携帯を開くと、そこには雄介からの新しいメッセージが届いていた。
『せやったら、よかったわぁ。ほな、どないする?』
望は一瞬ハテナマークを頭に浮かべ、少しだけ首を傾げる。
『とりあえず、俺がお前のとこに迎えに行くよ。後はそうだな……会ってから決めるのはどうだ?』
そう返信すると、まるで待っていたかのようにすぐに返事が届いた。
『あ、うん……せやな、分かった。ほな、待ってるし、早よしてな』
『ああ』
望は短く返すと、和也にも手を早めるよう促し、自分もモップを動かす手を加速させた。
心の中では、雄介に会うことへの期待と不安が入り混じっていた。
しばらくして和也が軽く息を吐きながら、望の方を見やる。
「なぁ、後は部屋の掃除だけだし、雄介が待ってるんだろ? それなら、少しでも早く行って会った方がいいんじゃねぇのか?」
「ん? え? あ、うん……」
和也の意外な言葉に望は一瞬手を止め、戸惑いの表情を浮かべる。
「本当にいいのか?」
「ああ」
「分かった、なら、ありがとうな。
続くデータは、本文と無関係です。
(* Let $n\ge 2$, $q=p^e$ a prime power, $\mu$ a generator of $\mathbb{F}_q^*$, $V=\mathbb{F}_q^{n+1}$ with standard basis $v_0,\dots,v_n$, $\alpha_0=\langle v_0\rangle_{\mathbb{F}_q}$, and let $Z\mathrm{SL}_{n+1}(q)\le G\le \Gamma\mathrm{L}_{n+1}(q)$, where $Z$ is the group of scalar matrices. Let $M\le L\le G(\alpha_0)$. Then the following are equivalent: (i) the action of $G$ on $G/L$ is $2$-by-block-transitive with block stabilizer $G(\alpha_0)$; (ii) $e_L=e_G$ and $\det(L_{\mathrm{GL}})=\det(G_{\mathrm{GL}})$; (iii) $e_L=e_G$ and the index $|G(\alpha_0):L|$ is coprime to $|\mathrm{Pdet}(G_{\mathrm{GL}})|$.
   Context: $G(\alpha_0)$ is the stabilizer of the line $\alpha_0$; $W$ is the subgroup of $G$ acting trivially on $\alpha_0$ and on $V/\alpha_0$; $\mathrm{SL}_n(q)$ is the group of determinant-$1$ linear maps fixing $v_0$ and preserving $\langle v_1,\dots,v_n\rangle$; $M=W\rtimes Z\mathrm{SL}_n(q)$. For $H\le\Gamma\mathrm{L}_{n+1}(q)$, $H_{\mathrm{GL}} = H\cap\mathrm{GL}_{n+1}(q)$ and $e_H = |H:H_{\mathrm{GL}}|$. For $g\in\mathrm{GL}_{n+1}(q)$, $\mathrm{Pdet}(g)$ is the image of $\det(g)$ in $\mathbb{F}_q^*/\langle\mu^{n+1}\rangle$, and $\mathrm{Pdet}(H_{\mathrm{GL}})$ is the set of such images for $g\in H_{\mathrm{GL}}$. The action on $G/L$ is $2$-by-block-transitive with block stabilizer $G(\alpha_0)$ if $G$ is transitive on pairs $(aL,bL)$ with $aG(\alpha_0)\neq bG(\alpha_0)$. *)

theory Defs
  imports "HOL-Analysis.Analysis"
begin

text \<open>Vectors of V = F_q^(n+1) are elements of type 'a^'n with CARD('n) = n+1;
  group elements are bijections of V, the group operation is composition.\<close>

type_synonym ('a, 'n) vmap = "'a^'n \<Rightarrow> 'a^'n"

definition field_aut :: "('a::field \<Rightarrow> 'a) \<Rightarrow> bool" where
  "field_aut s \<longleftrightarrow> bij s \<and> (\<forall>x y. s (x + y) = s x + s y \<and> s (x * y) = s x * s y)"

definition semilinear :: "('a::field \<Rightarrow> 'a) \<Rightarrow> ('a, 'n::finite) vmap \<Rightarrow> bool" where
  "semilinear s g \<longleftrightarrow> (\<forall>x y. g (x + y) = g x + g y) \<and> (\<forall>c x. g (c *s x) = s c *s g x)"

definition GammaL :: "('a::field, 'n::finite) vmap set" where
  "GammaL = {g. bij g \<and> (\<exists>s. field_aut s \<and> semilinear s g)}"

definition GL :: "('a::field, 'n::finite) vmap set" where
  "GL = {g. bij g \<and> semilinear id g}"

definition std_basis :: "'n::finite \<Rightarrow> 'a::zero_neq_one^'n" where
  "std_basis j = (\<chi> k. if k = j then 1 else 0)"

definition mat_of :: "('a::field, 'n::finite) vmap \<Rightarrow> 'a^'n^'n" where
  "mat_of g = (\<chi> i j. (g (std_basis j)) $ i)"

definition gdet :: "('a::field, 'n::finite) vmap \<Rightarrow> 'a" where
  "gdet g = det (mat_of g)"

definition SL :: "('a::field, 'n::finite) vmap set" where
  "SL = {g \<in> GL. gdet g = 1}"

definition Zsc :: "('a::field, 'n::finite) vmap set" where
  "Zsc = {(\<lambda>x. c *s x) | c. c \<noteq> 0}"

definition setprod :: "('a, 'n) vmap set \<Rightarrow> ('a, 'n) vmap set \<Rightarrow> ('a, 'n) vmap set" where
  "setprod A B = {a \<circ> b | a b. a \<in> A \<and> b \<in> B}"

definition is_subgroup :: "('a::field, 'n::finite) vmap set \<Rightarrow> bool" where
  "is_subgroup H \<longleftrightarrow> H \<subseteq> GammaL \<and> id \<in> H \<and> (\<forall>g\<in>H. \<forall>h\<in>H. g \<circ> h \<in> H)
     \<and> (\<forall>g\<in>H. inv g \<in> H)"

text \<open>The line alpha_0 = <v_0> and the hyperplane <v_1,...,v_n> (i0 plays the role of index 0).\<close>
definition line0 :: "'n::finite \<Rightarrow> ('a::field^'n) set" where
  "line0 i0 = {c *s std_basis i0 | c. True}"

definition hyp0 :: "'n::finite \<Rightarrow> ('a::field^'n) set" where
  "hyp0 i0 = {x. x $ i0 = 0}"

definition stab0 :: "'n::finite \<Rightarrow> ('a::field, 'n::finite) vmap set \<Rightarrow> ('a, 'n) vmap set" where
  "stab0 i0 G = {g \<in> G. g ` line0 i0 = line0 i0}"

definition Wgrp :: "'n::finite \<Rightarrow> ('a::field, 'n::finite) vmap set \<Rightarrow> ('a, 'n) vmap set" where
  "Wgrp i0 G = {g \<in> G. (\<forall>x \<in> line0 i0. g x = x) \<and> (\<forall>x. g x - x \<in> line0 i0)}"

definition SLn :: "'n::finite \<Rightarrow> ('a::field, 'n::finite) vmap set" where
  "SLn i0 = {g \<in> GL. gdet g = 1 \<and> g (std_basis i0) = std_basis i0 \<and> g ` hyp0 i0 = hyp0 i0}"

definition Mgrp :: "'n::finite \<Rightarrow> ('a::field, 'n::finite) vmap set \<Rightarrow> ('a, 'n) vmap set" where
  "Mgrp i0 G = setprod (Wgrp i0 G) (setprod Zsc (SLn i0))"

definition GLpart :: "('a::field, 'n::finite) vmap set \<Rightarrow> ('a, 'n) vmap set" where
  "GLpart H = H \<inter> GL"

definition eidx :: "('a::field, 'n::finite) vmap set \<Rightarrow> nat" where
  "eidx H = card H div card (GLpart H)"

definition dets :: "('a::field, 'n::finite) vmap set \<Rightarrow> 'a set" where
  "dets H = gdet ` H"

text \<open>Pdet(g): image of det g in F_q^*/<mu^(n+1)>, represented as the coset det(g) <mu^(n+1)>.\<close>
definition Pdet :: "'a::field \<Rightarrow> ('a, 'n::finite) vmap \<Rightarrow> 'a set" where
  "Pdet mu g = (\<lambda>y. gdet g * y) ` {mu ^ (k * CARD('n)) | k. True}"

definition Pdets :: "'a::field \<Rightarrow> ('a, 'n::finite) vmap set \<Rightarrow> 'a set set" where
  "Pdets mu H = Pdet mu ` H"

definition lcoset :: "('a, 'n) vmap \<Rightarrow> ('a, 'n) vmap set \<Rightarrow> ('a, 'n) vmap set" where
  "lcoset a H = (\<lambda>h. a \<circ> h) ` H"

definition two_by_block_transitive ::
  "('a, 'n) vmap set \<Rightarrow> ('a, 'n) vmap set \<Rightarrow> ('a, 'n) vmap set \<Rightarrow> bool" where
  "two_by_block_transitive G L B \<longleftrightarrow>
     (\<forall>a\<in>G. \<forall>b\<in>G. \<forall>c\<in>G. \<forall>d\<in>G.
        lcoset a B \<noteq> lcoset b B \<and> lcoset c B \<noteq> lcoset d B \<longrightarrow>
        (\<exists>g\<in>G. lcoset (g \<circ> a) L = lcoset c L \<and> lcoset (g \<circ> b) L = lcoset d L))"

end

theory Submission
  imports Defs
begin

text \<open>
  Every \<open>g \<in> B = G(\<alpha>\<^sub>0)\<close> acts on \<open>\<alpha>\<^sub>0\<close> by a scalar \<open>\<lambda>(g)\<close>, and the reduced determinant
  \<open>\<psi>(g) = det g / \<lambda>(g)\<^bsup>n+1\<^esup>\<close> is a crossed homomorphism on \<open>B\<close>, twisted by the field
  automorphism of \<open>g\<close>. Its kernel on \<open>B \<inter> GL\<close> lies in \<open>M \<subseteq> L\<close>, so a subgroup \<open>L\<close> between
  \<open>M\<close> and \<open>B\<close> is determined by its Galois part and by \<open>\<psi>(L \<inter> GL)\<close>; moreover
  \<open>det(L \<inter> GL) = (\<bbbF>\<^sub>q\<^sup>*)\<^bsup>n+1\<^esup> \<psi>(L \<inter> GL)\<close>.

  By the Bruhat decomposition \<open>G = B \<union> B t B\<close>, 2-by-block-transitivity amounts to finding,
  for all \<open>p, q, r, s \<in> B\<close>, some \<open>z \<in> B\<close> with \<open>p z q \<in> L\<close> and \<open>r z\<^sup>t s \<in> L\<close>. Conjugation by
  \<open>t\<close> changes \<open>\<psi>\<close> by an arbitrary \<open>(n + 1)\<close>-th power on suitable diagonal elements of \<open>SL\<close>,
  which makes this solvable exactly when \<open>L\<close> has the full Galois part and
  \<open>det(L \<inter> GL) = det(G \<inter> GL)\<close>.

  Finally \<open>D = det(G \<inter> GL)\<close> is cyclic, so \<open>D = (\<bbbF>\<^sub>q\<^sup>*)\<^bsup>n+1\<^esup> \<psi>(L \<inter> GL)\<close> holds iff the
  indices of the two factors in \<open>D\<close> are coprime. These indices are \<open>|Pdet(G \<inter> GL)|\<close> and,
  when the Galois parts agree, \<open>|G(\<alpha>\<^sub>0) : L|\<close>.
\<close>

section \<open>Field automorphisms and semilinear maps\<close>

lemma field_aut_add: "field_aut s \<Longrightarrow> s (x + y) = s x + s y"
  by (simp add: field_aut_def)

lemma field_aut_mult: "field_aut s \<Longrightarrow> s (x * y) = s x * s y"
  by (simp add: field_aut_def)

lemma field_aut_bij: "field_aut s \<Longrightarrow> bij s"
  by (simp add: field_aut_def)

lemma field_aut_zero: "field_aut s \<Longrightarrow> s 0 = (0::'a::field)"
  using field_aut_add[of s 0 0] by (metis add_0 add_cancel_right_right)

lemma field_aut_eq_0_iff: "field_aut s \<Longrightarrow> s x = 0 \<longleftrightarrow> x = (0::'a::field)"
  by (metis field_aut_bij field_aut_zero bij_is_inj injD)

lemma field_aut_one: "field_aut s \<Longrightarrow> s 1 = (1::'a::field)"
  using field_aut_mult[of s 1 1] field_aut_eq_0_iff[of s 1] by simp

lemma field_aut_minus: "field_aut s \<Longrightarrow> s (- x) = - s (x::'a::field)"
  using field_aut_add[of s x "- x"] field_aut_zero[of s] by (metis add.right_inverse minus_unique)

lemma field_aut_inverse:
  assumes s: "field_aut s"
  shows "s (inverse x) = inverse (s (x::'a::field))"
proof (cases "x = 0")
  case False
  then have "s x * s (inverse x) = 1"
    using field_aut_mult[OF s, of x "inverse x"] field_aut_one[OF s] by simp
  then show ?thesis
    by (metis inverse_unique)
qed (simp add: field_aut_zero[OF s])

lemma field_aut_divide: "field_aut s \<Longrightarrow> s (x / y) = s x / s (y::'a::field)"
  by (simp add: divide_inverse field_aut_mult field_aut_inverse)

lemma field_aut_power: "field_aut s \<Longrightarrow> s (x ^ k) = s (x::'a::field) ^ k"
  by (induction k) (simp_all add: field_aut_one field_aut_mult)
じゃあ、今度何か奢るよっ!」
「じゃあ、美味しい焼肉なぁー!」
「ああ、うん、それでいい」
望はそう言いながら持っていたモップを掃除用具入れに戻し、鞄を手に取ると、足早に部屋を出て行った。
その背中を見送った和也は、一人大きくため息を吐く。
「やっぱ、恋人がいるっていいよなぁ。早く俺も見つけねぇと……!」
ぽつりと呟いたその声は、静かな部屋に吸い込まれていった。
和也は再び箒を手に取り、残りの掃除を続ける。
一方その頃、望は駐車場へと向かい、自分の愛車へ乗り込む。
胸の鼓動を抑えようと深呼吸しながら、エンジンをかけた。
――雄介が待っている場所へ。
車は滑るように走り出し、目的地である春坂消防署へと向かっていく。
雄介が働くのは「春坂消防署」。
この地域は「春坂市」と呼ばれており、望が勤める病院の名前にも同じ地名が付けられている。
十分ほど車を走らせると、赤い車体が並ぶ消防署の建物が見えてきた。
その光景を目にした瞬間、望の胸はさらに高鳴るのだった。